Ich finde es ehrlich gesagt erstaunlich, wie man die Realität der letzten Jahre so ausblenden kann. Wir hatten in Deutschland vieles, aber ganz sicher keinen neoliberalen Staat. Im Gegenteil, der Staat greift immer stärker in nahezu alle Lebensbereiche ein, die Abgabenquote ist hoch, die Bürokratie wächst kontinuierlich, immer mehr wird reguliert, subventioniert und umverteilt. Diese Auswüchse haben wir erst heute auf der PK von Herrn Klingbeil erleben dürfen.
Für mich ist genau das linke Politik. Und das beschränkt sich längst nicht auf SPD oder Grüne. Selbst Parteien, die sich als bürgerlich oder konservativ bezeichnen, betreiben am Ende dieselbe Politik, der Staat glaubt, mit dem Geld der Bürger besser umgehen zu können als die Bürger selbst und genau das ist das Gegenteil von neoliberal.

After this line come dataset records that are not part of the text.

lemma det_dvd_one_iff_solvable:
  fixes M :: "'a::comm_ring_1 mat"
  assumes M: "M \<in> carrier_mat n n"
  shows "det M dvd 1 \<longleftrightarrow> (\<forall>b\<in>carrier_vec n. \<exists>x\<in>carrier_vec n. M *\<^sub>v x = b)"
proof
  assume "det M dvd 1"
  then obtain c where c: "det M * c = 1" by (auto elim: dvdE)
  define X where "X = c \<cdot>\<^sub>m adj_mat M"
  have X: "X \<in> carrier_mat n n" using adj_mat(1)[OF M] by (simp add: X_def)
  have MX: "M * X = 1\<^sub>m n"
  proof -
    have "M * X = c \<cdot>\<^sub>m (det M \<cdot>\<^sub>m 1\<^sub>m n)"
      unfolding X_def mult_smult_distrib[OF M adj_mat(1)[OF M]] adj_mat(2)[OF M] ..
    also have "\<dots> = 1\<^sub>m n" using c by (intro eq_matI) (auto simp: mult.commute)
    finally show ?thesis .
  qed
  show "\<forall>b\<in>carrier_vec n. \<exists>x\<in>carrier_vec n. M *\<^sub>v x = b"
  proof
    fix b :: "'a vec" assume b: "b \<in> carrier_vec n"
    have "M *\<^sub>v (X *\<^sub>v b) = (M * X) *\<^sub>v b" by (rule assoc_mult_mat_vec[OF M X b, symmetric])
    then have "M *\<^sub>v (X *\<^sub>v b) = b" using b by (simp add: MX)
    then show "\<exists>x\<in>carrier_vec n. M *\<^sub>v x = b" using X b by (intro bexI[of _ "X *\<^sub>v b"]) auto
  qed
next
  assume "\<forall>b\<in>carrier_vec n. \<exists>x\<in>carrier_vec n. M *\<^sub>v x = b"
  then have "\<forall>j. \<exists>x. j < n \<longrightarrow> x \<in> carrier_vec n \<and> M *\<^sub>v x = unit_vec n j"
    using unit_vec_carrier by blast
  then obtain sol where sol: "\<And>j. j < n \<Longrightarrow> sol j \<in> carrier_vec n \<and> M *\<^sub>v sol j = unit_vec n j"
    by metis
  define X where "X = mat_of_cols n (map sol [0..<n])"
  have X: "X \<in> carrier_mat n n"
    using mat_of_cols_carrier(1)[of n "map sol [0..<n]"] by (simp add: X_def)
  have "M * X = 1\<^sub>m n"
  proof (rule mat_col_eqI)
    fix j assume "j < dim_col (1\<^sub>m n :: 'a mat)"
    then have j: "j < n" by simp
    have "col X j = sol j" using sol[OF j] j by (simp add: X_def)
    then have "col (M * X) j = unit_vec n j" using col_mult2[OF M X, of j] sol[OF j] j by simp
    then show "col (M * X) j = col (1\<^sub>m n) j" using j by simp
  qed (use M X in auto)
  then have "det M * det X = 1" using det_mult[OF M X] by simp
  then show "det M dvd 1" by (metis dvdI)
qed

Das Ergebnis der letzten Jahrzehnte sehen wir jeden Tag, ein kaum noch wettbewerbsfähiges Bürokratiemonster, das vor Ineffizienz strotzt, immer mehr Personal, immer neue Behörden, immer neue Förderprogramme, und gleichzeitig der permanente Ruf nach höheren Steuern, neuen Abgaben oder zusätzlichen Schulden.
Diese Einschätzung nennt man wie?
Neoliberal!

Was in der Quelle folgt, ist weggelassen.